What do you wish you could do more of during your work day?

  • Have to write RFCs and wish I could do more research and messing around
  • Keeping getting assigned to the rotation of doing “toil” work, or burning through tech debt. Wish I could do LESS of that.

What is DevSecOps? What is Compliance as Code? And how do they relate?

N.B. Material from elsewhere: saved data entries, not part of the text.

(* Let $k\in\mathbb N$, $1\le p\le\infty$, $\alpha,\beta\in J_p$, and $f\in\mathbb M^k\cap\mathbb W_p^{\alpha,\beta}$. Then $\|w_{\alpha,\beta}T_{k-1}(f)\|_p\le c\|w_{\alpha,\beta}f\|_p$, with $c$ independent of $f$, where \[ T_{k-1}(f,x)=f_-^{(k-1)}(0)\frac{x^{k-1}}{(k-1)!}+\sum_{i=0}^{k-2}f^{(i)}(0)\frac{x^i}{i!}. \]
   Context: $w_{\alpha,\beta}(x)=(1+x)^\alpha(1-x)^\beta$; $\|\cdot\|_p$ is the $L_p[-1,1]$ norm; $\mathbb W_p^{\alpha,\beta}=\{f:\|w_{\alpha,\beta}f\|_p<\infty\}$; $J_p=(-1/p,\infty)$ if $p<\infty$, $J_\infty=[0,\infty)$. $\mathbb M^k$ is the set of $f:(-1,1)\to\mathbb R$ whose $k$th divided differences at any $k+1$ distinct points of $(-1,1)$ are nonnegative; for $f\in\mathbb M^k$ the derivatives $f^{(j)}$, $j\le k-2$, exist on $(-1,1)$ and $f^{(k-1)}_-$ denotes the left derivative of $f^{(k-2)}$ (for $k=1$, $f^{(0)}_-(0)$ is the left limit $f(0^-)$). *)

theory Defs
  imports "HOL-Analysis.Analysis" "HOL-Probability.Essential_Supremum"
begin

definition jw :: "real \<Rightarrow> real \<Rightarrow> real \<Rightarrow> real" where
  "jw a b x = (1 + x) powr a * (1 - x) powr b"

definition Lp_norm :: "ennreal \<Rightarrow> (real \<Rightarrow> real) \<Rightarrow> ennreal" where
  "Lp_norm p g =
     (if p = \<infinity> then esssup lebesgue (\<lambda>x. ennreal \<bar>g x\<bar> * indicator {-1..1} x)
      else (let r = enn2real p;
                I = (\<integral>\<^sup>+ x. ennreal (\<bar>g x\<bar> powr r) * indicator {-1..1} x \<partial>lebesgue)
            in if I = \<infinity> then \<infinity> else ennreal (enn2real I powr (1 / r))))"

definition Jp :: "ennreal \<Rightarrow> real set" where
  "Jp p = (if p = \<infinity> then {0..} else {-(1 / enn2real p)<..})"

definition divdiff :: "(real \<Rightarrow> real) \<Rightarrow> nat \<Rightarrow> (nat \<Rightarrow> real) \<Rightarrow> real" where
  "divdiff f k x = (\<Sum>j=0..k. f (x j) / (\<Prod>i\<in>{0..k}-{j}. (x j - x i)))"

definition kmono :: "nat \<Rightarrow> (real \<Rightarrow> real) \<Rightarrow> bool" where
  "kmono k f \<longleftrightarrow> (\<forall>x::nat \<Rightarrow> real. (\<forall>i\<le>k. x i \<in> {-1<..<1}) \<and> inj_on x {0..k}
                      \<longrightarrow> divdiff f k x \<ge> 0)"

text \<open>Left derivative of the (k-2)th derivative at 0 (for k = 1: left limit f(0-)).\<close>
definition leftder :: "nat \<Rightarrow> (real \<Rightarrow> real) \<Rightarrow> real" where
  "leftder k f = (if k = 1 then Lim (at_left 0) f
     else Lim (at_left 0) (\<lambda>h. ((deriv ^^ (k - 2)) f h - (deriv ^^ (k - 2)) f 0) / h))"

definition Taylor :: "nat \<Rightarrow> (real \<Rightarrow> real) \<Rightarrow> real \<Rightarrow> real" where
  "Taylor k f x = leftder k f * x ^ (k - 1) / fact (k - 1)
     + (\<Sum>i<k - 1. (deriv ^^ i) f 0 * x ^ i / fact i)"

end

theory Submission
  imports Defs
begin

text \<open>A finite weighted norm \<open>\<Lambda>\<close> forces \<open>f\<close> to take, on every subinterval \<open>[u, v]\<close> of
  \<open>[-1/2, 1/2]\<close>, a value of size at most \<open>G / (v - u)\<close> with \<open>G\<close> a multiple of \<open>\<Lambda>\<close>, because
  the weight is bounded below there. For \<open>f\<close> in \<open>M^k\<close> the \<open>k\<close>-point divided differences
  increase with the nodes, so comparing with well separated nodes where \<open>f\<close> is small bounds
  them near \<open>0\<close> by a multiple of \<open>G\<close>; comparing again with such nodes bounds the divided
  differences of every lower order. Divided differences of \<open>f'\<close> are limits of sums of
  divided differences of \<open>f\<close> with one node more, so the bounds and the positivity pass to
  \<open>f^(i)\<close>, \<open>i \<le> k - 2\<close>, near \<open>0\<close>, and the monotone difference quotients of \<open>f^(k-2)\<close> bound
  its left derivative at \<open>0\<close>. So \<open>T_(k-1)(f)\<close> is bounded on \<open>[-1, 1]\<close> by a multiple of
  \<open>\<Lambda>\<close>, and \<open>\<alpha>, \<beta> \<in> J_p\<close> makes the weight itself of finite norm.\<close>

section \<open>Divided differences over sets of nodes\<close>

definition divided_diff :: "(real \<Rightarrow> real) \<Rightarrow> real set \<Rightarrow> real" where
  "divided_diff g S = (\<Sum>y\<in>S. g y / (\<Prod>z\<in>S - {y}. y - z))"

lemma divided_diff_image:
  assumes "inj_on t I"
  shows "divided_diff g (t ` I) = (\<Sum>m\<in>I. g (t m) / (\<Prod>l\<in>I - {m}. t m - t l))"
proof -
  have "(\<Prod>z\<in>t ` I - {t m}. t m - z) = (\<Prod>l\<in>I - {m}. t m - t l)" if "m \<in> I" for m
  proof -
    have "t ` I - {t m} = t ` (I - {m})" using assms that by (auto simp: inj_on_def)
    moreover have "inj_on t (I - {m})" using assms by (auto simp: inj_on_def)
    ultimately show ?thesis by (simp add: prod.reindex)
  qed
  then show ?thesis
    unfolding divided_diff_def by (simp add: sum.reindex[OF assms])
qed

lemma divdiff_eq_divided_diff:
  assumes "inj_on x {0..k}"
  shows "divdiff f k x = divided_diff f (x ` {0..k})"
  unfolding divdiff_def divided_diff_image[OF assms] by simp

lemma divided_diff_singleton [simp]: "divided_diff g {x} = g x"
  by (simp add: divided_diff_def)

lemma prod_insert_diff:
  assumes "finite A" "a \<in> A" "v \<notin> A"
  shows "(\<Prod>z\<in>insert v A - {a}. a - z) = (a - v) * (\<Prod>z\<in>A - {a}. a - z)"
proof -
  have "insert v A - {a} = insert v (A - {a})" using assms by auto
  then show ?thesis using assms by simp
qed

lemma divided_diff_insert:
  assumes "finite A" "u \<notin> A"
  shows "divided_diff g (insert u A)
           = (\<Sum>a\<in>A. g a / ((a - u) * (\<Prod>z\<in>A - {a}. a - z))) + g u / (\<Prod>z\<in>A. u - z)"
proof -
  have "insert u A - {u} = A" using assms by auto
  moreover have "(\<Sum>y\<in>A. g y / (\<Prod>z\<in>insert u A - {y}. y - z))
                   = (\<Sum>a\<in>A. g a / ((a - u) * (\<Prod>z\<in>A - {a}. a - z)))"
    by (rule sum.cong) (use assms prod_insert_diff in auto)
  ultimately show ?thesis
    using assms unfolding divided_diff_def by (simp add: sum.insert)
qed

lemma divided_diff_pair:
  assumes "x \<noteq> y"
  shows "divided_diff g {y, x} = (g y - g x) / (y - x)"
proof -
  have "divided_diff g {y, x} = g x / (x - y) + g y / (y - x)"
    using divided_diff_insert[of "{x}" y g] assms by simp
  also have "\<dots> = (g y - g x) / (y - x)"
  proof -
    have "x - y = -(y - x)" by simp
    then show ?thesis by (simp only: divide_minus_right diff_divide_distrib)
  qed
  finally show ?thesis .
qed

lemma divided_diff_recurrence:
  assumes "finite A" "u \<notin> A" "v \<notin> A" "u \<noteq> v"
  shows "divided_diff g (insert u A) - divided_diff g (insert v A)
           = (u - v) * divided_diff g (insert u (insert v A))"
proof -
  define P where "P a = (\<Prod>z\<in>A - {a}. a - z)" for a
  have P0: "P a \<noteq> 0" if "a \<in> A" for a
    unfolding P_def using assms that by (simp add: prod_zero_iff)
  have Pu: "(\<Prod>z\<in>A. u - z) \<noteq> 0" "(\<Prod>z\<in>A. v - z) \<noteq> 0"
    using assms by (auto simp: prod_zero_iff)
  have uvA: "divided_diff g (insert u (insert v A))
      = (\<Sum>a\<in>A. g a / ((a - u) * ((a - v) * P a)))
        + g v / ((v - u) * (\<Prod>z\<in>A. v - z)) + g u / ((u - v) * (\<Prod>z\<in>A. u - z))"
  proof -
    have "insert v A - {v} = A" using assms by auto
    moreover have "(\<Sum>a\<in>A. g a / ((a - u) * (\<Prod>z\<in>insert v A - {a}. a - z)))
                     = (\<Sum>a\<in>A. g a / ((a - u) * ((a - v) * P a)))"
      by (rule sum.cong) (use assms prod_insert_diff in \<open>auto simp: P_def\<close>)
    ultimately show ?thesis
      using assms divided_diff_insert[of "insert v A" u g] by (simp add: sum.insert)
  qed
  have uA: "divided_diff g (insert u A) = (\<Sum>a\<in>A. g a / ((a - u) * P a)) + g u / (\<Prod>z\<in>A. u - z)"
    and vA: "divided_diff g (insert v A) = (\<Sum>a\<in>A. g a / ((a - v) * P a)) + g v / (\<Prod>z\<in>A. v - z)"
    using divided_diff_insert[OF assms(1,2)] divided_diff_insert[OF assms(1,3)] by (simp_all add: P_def)
  have sums: "(\<Sum>a\<in>A. g a / ((a - u) * P a)) - (\<Sum>a\<in>A. g a / ((a - v) * P a))
                = (u - v) * (\<Sum>a\<in>A. g a / ((a - u) * ((a - v) * P a)))"
    unfolding sum_subtractf[symmetric] sum_distrib_left
  proof (rule sum.cong)
    fix a assume "a \<in> A"
    then have "a - u \<noteq> 0" "a - v \<noteq> 0" "P a \<noteq> 0" using assms P0 by auto
    then show "g a / ((a - u) * P a) - g a / ((a - v) * P a)
                 = (u - v) * (g a / ((a - u) * ((a - v) * P a)))"
      by (simp add: divide_simps) (simp add: algebra_simps)
  qed simp
  have "u - v \<noteq> 0" using assms by simp
  then have "(u - v) * (g u / ((u - v) * (\<Prod>z\<in>A. u - z))) = g u / (\<Prod>z\<in>A. u - z)"
    and "(u - v) * (g v / ((v - u) * (\<Prod>z\<in>A. v - z))) = - (g v / (\<Prod>z\<in>A. v - z))"
    using Pu by (simp_all add: field_simps)
  then show ?thesis
    unfolding uvA uA vA distrib_left using sums by linarith
qed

  • Continuously improving your security mindset
  • Improve how you involve security in your process
  • Bake security into your CI
  • Architect the underlying platform so that certain things aren’t possible
    • Don’t expose certain ports
    • Don’t make public load balancers
    • Don’t allow DBs without a password
  • Twistlock for runtime vulnerability
  • HackerOne for security checks and bug bounties
  • Terraform sentinel
  • Open Policy Agent
  • If you do a security audit or pen test, should the results be shared with the whole team?
    • At least to an extent, but at a huge org, can you trust that every single person wouldn’t exploit something, or leak something?
  • Does your security team have definitions for what is actually secure? Or is it “I know it when I see it” kind of thing

How do you do config management?

  • Do you use Ansible? Do you do GitOps?
  • What is config management?
    • Usually a declarative manner of saying what is running on a server. What is installed, what files are present
    • Tools like:
      • Ansible
      • Chef
      • Puppet
      • AWS SSM
  • Whatever tool you go with, try to get a single tool for the whole org, so that things are standardized. Having it segmented across the org is a pain and makes things incompatible

Can we start with the simple solution please?

  • Spend a lot of time talking people down from really complex, over the top solutions. Why do people not want to start simple?
  • “Perfection is achieved, not when there is nothing more to add, but when there is nothing left to take away” - Antoine de Saint-Exupery
  • Does the team have so much time that they can spend all their time working on these complex problems?